NORACL: Neurogenesis for Oracle-free Resource-Adaptive Continual Learning
Karthik Charan Raghunathan, Christian Metzner, Laura Kriener, Melika Payvand

TL;DR
NORACL introduces neurogenesis-inspired neuronal growth to continual learning models, dynamically expanding capacity to balance stability and plasticity without prior knowledge of future tasks.
Contribution
It proposes a novel neurogenesis-based architecture that grows neurons as needed, outperforming fixed-capacity models in various task scenarios.
Findings
NORACL achieves comparable or better accuracy than oracle-sized static models.
The architecture exhibits interpretable growth patterns aligned with task similarity.
NORACL effectively creates capacity for new tasks, mitigating plasticity loss.
Abstract
In a continual learning setting, we require a model to be plastic enough to learn a new task and stable enough to not disturb previously learned capabilities. We argue that this dilemma has an architectural root.
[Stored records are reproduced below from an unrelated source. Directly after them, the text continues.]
lemma group_maps_unit:
  assumes "homeo_group01 G" "g \<in> G" "x \<in> {0..1}" shows "g x \<in> {0..1}"
proof -
  obtain g' where "homeomorphism {0..1} {0..1} g g'"
    using assms(1,2) unfolding homeo_group01_def homeo_plus01_def by blast
  then show ?thesis using assms(3) unfolding homeomorphism_def by blast
qed

lemma group_identity:
  assumes "homeo_group01 G"
  obtains e where "e \<in> G" "\<And>x. x \<in> {0..1} \<Longrightarrow> e x = x"
proof -
  have "\<exists>e\<in>G. \<forall>x\<in>{0..1}. e x = x"
    using assms unfolding homeo_group01_def by blast
  then show ?thesis using that by blast
qed

lemma group_compose:
  assumes "homeo_group01 G" "g \<in> G" "h \<in> G"
  obtains k where "k \<in> G" "\<And>x. x \<in> {0..1} \<Longrightarrow> k x = g (h x)"
proof -
  have "\<exists>k\<in>G. \<forall>x\<in>{0..1}. k x = g (h x)"
    using assms unfolding homeo_group01_def by blast
  then show ?thesis using that by blast
qed

lemma group_inverse:
  assumes "homeo_group01 G" "g \<in> G"
  obtains k where "k \<in> G" "\<And>x. x \<in> {0..1} \<Longrightarrow> k (g x) = x"
proof -
  have "\<exists>k\<in>G. \<forall>x\<in>{0..1}. k (g x) = x"
    using assms unfolding homeo_group01_def by blast
  then show ?thesis using that by blast
qed

lemma group_iterate:
  assumes G: "homeo_group01 G" and f: "f \<in> G"
  obtains h where "h \<in> G" "\<And>x. x \<in> {0..1} \<Longrightarrow> h x = (f ^^ n) x"
proof -
  have "\<exists>h\<in>G. \<forall>x\<in>{0..1}. h x = (f ^^ n) x"
  proof (induction n)
    case 0
    obtain e where "e \<in> G" "\<And>x. x \<in> {0..1} \<Longrightarrow> e x = x"
      using group_identity[OF G] by blast
    then show ?case by (intro bexI[of _ e]) auto
  next
    case (Suc n)
    then obtain h where h: "h \<in> G" "\<forall>x\<in>{0..1}. h x = (f ^^ n) x" by blast
    obtain k where "k \<in> G" "\<And>x. x \<in> {0..1} \<Longrightarrow> k x = f (h x)"
      using group_compose[OF G f h(1)] by blast
    with h show ?case by (intro bexI[of _ k]) auto
  qed
  then show ?thesis using that by blast
qed

lemma group_iterate_after:
  assumes G: "homeo_group01 G" and "f \<in> G" "g \<in> G"
  obtains h where "h \<in> G" "\<And>x. x \<in> {0..1} \<Longrightarrow> h x = (f ^^ n) (g x)"
proof -
  obtain k where k: "k \<in> G" "\<And>x. x \<in> {0..1} \<Longrightarrow> k x = (f ^^ n) x"
    using group_iterate[OF G \<open>f \<in> G\<close>] by blast
  obtain h where "h \<in> G" "\<And>x. x \<in> {0..1} \<Longrightarrow> h x = k (g x)"
    using group_compose[OF G k(1) \<open>g \<in> G\<close>] by blast
  then show ?thesis using that k(2) group_maps_unit[OF G \<open>g \<in> G\<close>] by auto
qed

section \<open>Orbits of a map contracting an interval towards its left endpoint\<close>

lemma orbit_descends:
  fixes f :: "real \<Rightarrow> real"
  assumes contract: "\<forall>y\<in>{c<..<d}. c < f y \<and> f y < y" and x: "x \<in> {c<..<d}"
  shows "(f ^^ n) x \<in> {c<..x}"
proof (induction n)
  case 0
  then show ?case using x by simp
next
  case (Suc n)
  then have "(f ^^ n) x \<in> {c<..<d}" using x by auto
  then show ?case using Suc contract by fastforce
qed

text \<open>If moreover f is continuous, the orbit converges to c: its limit would otherwise
  be a fixed point inside (c,d).\<close>

lemma orbit_converges:
  fixes f :: "real \<Rightarrow> real"
  assumes cont: "continuous_on {c..d} f"
    and contract: "\<forall>y\<in>{c<..<d}. c < f y \<and> f y < y" and x: "x \<in> {c<..<d}"
  shows "(\<lambda>n. (f ^^ n) x) \<longlonglongrightarrow> c"
proof -
  define s where "s n = (f ^^ n) x" for n
  have s_in: "s n \<in> {c<..x}" for n
    unfolding s_def by (rule orbit_descends[OF contract x])
  have s_Suc: "s (Suc n) = f (s n)" for n
    by (simp add: s_def)
  have "decseq s"
  proof (rule decseq_SucI)
    fix n
    have "s n \<in> {c<..<d}" using s_in[of n] x by auto
    then show "s (Suc n) \<le> s n" using contract s_Suc by (simp add: less_imp_le)
  qed
  have lower: "c \<le> s n" for n
    using s_in[of n] by simp
  obtain L where L: "s \<longlonglongrightarrow> L" "\<forall>n. L \<le> s n"
    using decseq_convergent[OF \<open>decseq s\<close>, of c] lower by blast
  have "c \<le> L"
    using LIMSEQ_le_const[OF L(1), of c] lower by blast
  moreover have "L \<le> x"
    using L(2) by (metis funpow_0 s_def)
  ultimately have L_in: "L \<in> {c..d}"
    using x by simp
  have "s n \<in> {c..d}" for n
    using s_in[of n] x by simp
  then have "eventually (\<lambda>n. s n \<in> {c..d}) sequentially"
    by simp
  then have "(\<lambda>n. f (s n)) \<longlonglongrightarrow> f L"
    by (rule continuous_on_tendsto_compose[OF cont L(1) L_in])
  moreover have "(\<lambda>n. f (s n)) \<longlonglongrightarrow> L"
    using LIMSEQ_Suc[OF L(1)] by (simp add: s_Suc)
  ultimately have fixed: "f L = L"
    by (rule LIMSEQ_unique)
  have "L = c"
  proof (rule ccontr)
    assume "L \<noteq> c"
    then have "L \<in> {c<..<d}" using L_in \<open>L \<le> x\<close> x by auto
    then show False using contract fixed by fastforce
  qed
  with L(1) show ?thesis by (simp add: s_def[abs_def])
qed

lemma orbit_eventually_below:
  fixes f :: "real \<Rightarrow> real"
  assumes "continuous_on {c..d} f" "\<forall>y\<in>{c<..<d}. c < f y \<and> f y < y" "x \<in> {c<..<d}"
    and "c < z"
  obtains N where "(f ^^ N) x < z"
proof -
  have "eventually (\<lambda>n. (f ^^ n) x < z) sequentially"
    using order_tendstoD(2)[OF orbit_converges[OF assms(1-3)] assms(4)] .
  then show ?thesis using that by (auto simp: eventually_sequentially)
qed

section \<open>Fixed gaps\<close>

definition fixed_gap :: "(real \<Rightarrow> real) \<Rightarrow> real \<Rightarrow> real \<Rightarrow> bool" where
  "fixed_gap g a b \<longleftrightarrow>
     0 \<le> a \<and> a < b \<and> b \<le> 1 \<and> g a = a \<and> g b = b \<and> (\<forall>x\<in>{a<..<b}. g x \<noteq> x)"

text \<open>The endpoints of an interval component of the complement of Fix(g) are fixed
  points of g, since adding a non-fixed endpoint would give a larger connected set.\<close>

lemma component_endpoint_fixed:
  assumes comp: "{a<..<b} \<in> components ({0..1} - Fix01 g)" and "a < b"
    and e: "e \<in> {a, b}" "e \<in> {0..1}"
  shows "g e = e"
proof (rule ccontr)
  assume "g e \<noteq> e"
  then have "e \<notin> Fix01 g" by (simp add: Fix01_def)
  then have sub: "insert e {a<..<b} \<subseteq> {0..1} - Fix01 g"
    using in_components_subset[OF comp] e(2) by blast
  have "insert e {a<..<b} \<subseteq> closure {a<..<b}"
    using \<open>a < b\<close> e(1) by auto
  then have "connected (insert e {a<..<b})"
    by (rule connected_intermediate_closure[OF connected_Ioo subset_insertI])
  moreover have "{a<..<b} \<inter> insert e {a<..<b} \<noteq> {}"
    using \<open>a < b\<close> by auto
  ultimately have "insert e {a<..<b} \<subseteq> {a<..<b}"
    using components_maximal[OF comp _ sub] by blast
  then show False using e(1) by auto
qed

lemma succ_fixed_pair_gap:
  assumes "succ_fixed_pair G a b"
  obtains g where "g \<in> G" "fixed_gap g a b"
proof -
  obtain g where "a < b" "g \<in> G" and comp: "{a<..<b} \<in> components ({0..1} - Fix01 g)"
    using assms unfolding succ_fixed_pair_def by blast
  have sub: "{a<..<b} \<subseteq> {0..1} - Fix01 g"
    using in_components_subset[OF comp] .
  then have "{a<..<b} \<subseteq> {0..1}" by blast
  then have "0 \<le> a" "b \<le> 1"
    using \<open>a < b\<close> greaterThanLessThan_subseteq_atLeastAtMost_iff by blast+
  moreover have "g a = a" "g b = b"
    using component_endpoint_fixed[OF comp \<open>a < b\<close>] \<open>0 \<le> a\<close> \<open>b \<le> 1\<close> \<open>a < b\<close> by simp_all
  moreover have "\<forall>x\<in>{a<..<b}. g x \<noteq> x"
    using sub by (auto simp: Fix01_def)
  ultimately show ?thesis using that \<open>g \<in> G\<close> \<open>a < b\<close> unfolding fixed_gap_def by blast
qed

text \<open>By the intermediate value theorem a continuous g moves all points of a fixed gap in
  the same direction.\<close>

lemma fixed_gap_direction:
  assumes cont: "continuous_on {0..1} g" and gap: "fixed_gap g a b"
  shows "(\<forall>x\<in>{a<..<b}. g x < x) \<or> (\<forall>x\<in>{a<..<b}. x < g x)"
proof (rule ccontr)
  assume "\<not> ?thesis"
  then obtain u v where u: "u \<in> {a<..<b}" "\<not> g u < u" and v: "v \<in> {a<..<b}" "\<not> v < g v"
    by blast
  have moved: "g x \<noteq> x" if "x \<in> {a<..<b}" for x
    using gap that unfolding fixed_gap_def by blast
  have "u < g u" "g v < v"
    using u v moved[of u] moved[of v] by linarith+
  have between: "{min u v..max u v} \<subseteq> {a<..<b}"
    using u(1) v(1) by auto
  then have "{min u v..max u v} \<subseteq> {0..1}"
    using gap unfolding fixed_gap_def by auto
  then have cont_between: "continuous_on {min u v..max u v} (\<lambda>x. g x - x)"
    by (intro continuous_intros continuous_on_subset[OF cont])
  have "\<exists>x\<in>{min u v..max u v}. g x - x = 0"
  proof (cases "u \<le> v")
    case True
    then show ?thesis
      using IVT2'[of "\<lambda>x. g x - x" v 0 u] \<open>u < g u\<close> \<open>g v < v\<close> cont_between by auto
  next
    case False
    then show ?thesis
      using IVT'[of "\<lambda>x. g x - x" v 0 u] \<open>u < g u\<close> \<open>g v < v\<close> cont_between by auto
  qed
  then show False
    using between moved by fastforce
qed

lemma inverse_fixed_gap:
  assumes G: "homeo_group01 G" "g \<in> G" "k \<in> G" and inv: "\<And>x. x \<in> {0..1} \<Longrightarrow> k (g x) = x"
    and gap: "fixed_gap g a b"
  shows "\<And>x. x \<in> {a<..<b} \<Longrightarrow> x < g x \<Longrightarrow> k x < x"
    and "\<And>x. x \<in> {a<..<b} \<Longrightarrow> g x < x \<Longrightarrow> x < k x"
    and "fixed_gap k a b"
proof -
  have mono: "strict_mono_on {0..1} k"
    using group_strict_mono[OF G(1,3)] .
  have unit: "x \<in> {0..1}" "g x \<in> {0..1}" if "x \<in> {a<..<b}" for x
    using that gap group_maps_unit[OF G(1,2)] unfolding fixed_gap_def by auto
  show down: "k x < x" if "x \<in> {a<..<b}" "x < g x" for x
    using strict_mono_onD[OF mono unit[OF that(1)] that(2)] inv unit[OF that(1)] by simp
  show up: "x < k x" if "x \<in> {a<..<b}" "g x < x" for x
    using strict_mono_onD[OF mono unit(2,1)[OF that(1)] that(2)] inv unit[OF that(1)] by simp
  have ends: "k a = a" "k b = b"
    using gap inv[of a] inv[of b] unfolding fixed_gap_def by auto
  have "k x \<noteq> x" if "x \<in> {a<..<b}" for x
  proof -
    have "g x \<noteq> x" using gap that unfolding fixed_gap_def by blast
    then show ?thesis using down[OF that] up[OF that] by linarith
  qed
  then show "fixed_gap k a b"
    using gap ends unfolding fixed_gap_def by blast
qed

lemma fixed_gap_oriented:
  assumes G: "homeo_group01 G" "g \<in> G" and gap: "fixed_gap g a b"
  shows "\<exists>f\<in>G. fixed_gap f a b \<and> (\<forall>x\<in>{a<..<b}. f x < x)"
    and "\<exists>f\<in>G. fixed_gap f a b \<and> (\<forall>x\<in>{a<..<b}. x < f x)"
proof -
  obtain k where k: "k \<in> G" "\<And>x. x \<in> {0..1} \<Longrightarrow> k (g x) = x"
    using group_inverse[OF G] by blast
  note k_gap = inverse_fixed_gap[OF G k gap]
  have direction: "(\<forall>x\<in>{a<..<b}. g x < x) \<or> (\<forall>x\<in>{a<..<b}. x < g x)"
    using fixed_gap_direction[OF group_continuous[OF G] gap] .
  show "\<exists>f\<in>G. fixed_gap f a b \<and> (\<forall>x\<in>{a<..<b}. f x < x)"
  proof (cases "\<forall>x\<in>{a<..<b}. g x < x")
    case True
    then show ?thesis using G(2) gap by blast
  next
    case False
    then have "\<forall>x\<in>{a<..<b}. x < g x" using direction by blast
    then show ?thesis using k(1) k_gap(1,3) by blast
  qed
  show "\<exists>f\<in>G. fixed_gap f a b \<and> (\<forall>x\<in>{a<..<b}. x < f x)"
  proof (cases "\<forall>x\<in>{a<..<b}. x < g x")
    case True
    then show ?thesis using G(2) gap by blast
  next
    case False
    then have "\<forall>x\<in>{a<..<b}. g x < x" using direction by blast
    then show ?thesis using k(1) k_gap(2,3) by blast
  qed
qed

section \<open>The reflection symmetry x \<mapsto> 1 - x\<close>

text \<open>Conjugation by the reflection of [0,1]; it reverses the order of fixed points and
  lets one reduce a configuration to its mirror image.\<close>

definition reflect01 :: "(real \<Rightarrow> real) \<Rightarrow> real \<Rightarrow> real" where
  "reflect01 g x = 1 - g (1 - x)"

lemma reflect01_comp: "reflect01 g = (\<lambda>x. 1 - x) \<circ> (g \<circ> (\<lambda>x. 1 - x))"
  by (simp add: fun_eq_iff reflect01_def)

lemma homeomorphism_reflection: "homeomorphism {0..1} {0..1} (\<lambda>x::real. 1 - x) (\<lambda>x. 1 - x)"
  unfolding homeomorphism_def by (auto intro!: continuous_intros)

lemma homeo_plus01_reflect:
  assumes "homeo_plus01 g" shows "homeo_plus01 (reflect01 g)"
proof -
  obtain g' where hom: "homeomorphism {0..1} {0..1} g g'" and mono: "strict_mono_on {0..1} g"
    using assms unfolding homeo_plus01_def by blast
  have "homeomorphism {0..1} {0..1} (g \<circ> (\<lambda>x. 1 - x)) ((\<lambda>x. 1 - x) \<circ> g')"
    by (rule homeomorphism_compose[OF homeomorphism_reflection hom])
  then have "homeomorphism {0..1} {0..1} (reflect01 g) (((\<lambda>x. 1 - x) \<circ> g') \<circ> (\<lambda>x. 1 - x))"
    unfolding reflect01_comp by (rule homeomorphism_compose[OF _ homeomorphism_reflection])
  moreover have "strict_mono_on {0..1} (reflect01 g)"
  proof (rule strict_mono_onI)
    fix x y :: real assume "x \<in> {0..1}" "y \<in> {0..1}" "x < y"
    then have "g (1 - y) < g (1 - x)" using strict_mono_onD[OF mono] by simp
    then show "reflect01 g x < reflect01 g y" by (simp add: reflect01_def)
  qed
  ultimately show ?thesis
    unfolding homeo_plus01_def by blast
qed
A finite network has limited representational and plastic resources, yet the required capacity depends on properties of the future task stream that are unknown: how many tasks will be encountered, and how much they overlap in feature space. Regularization-based methods preserve past knowledge within fixed-capacity architectures and therefore implicitly rely on an oracle architecture sized for this unknown future. When tasks are only weakly related, fixed architectures progressively run out of plastic resources; when tasks are few or strongly overlapping, models are often over-provisioned. Inspired by neurogenesis in biology, we propose NORACL to address the stability-plasticity…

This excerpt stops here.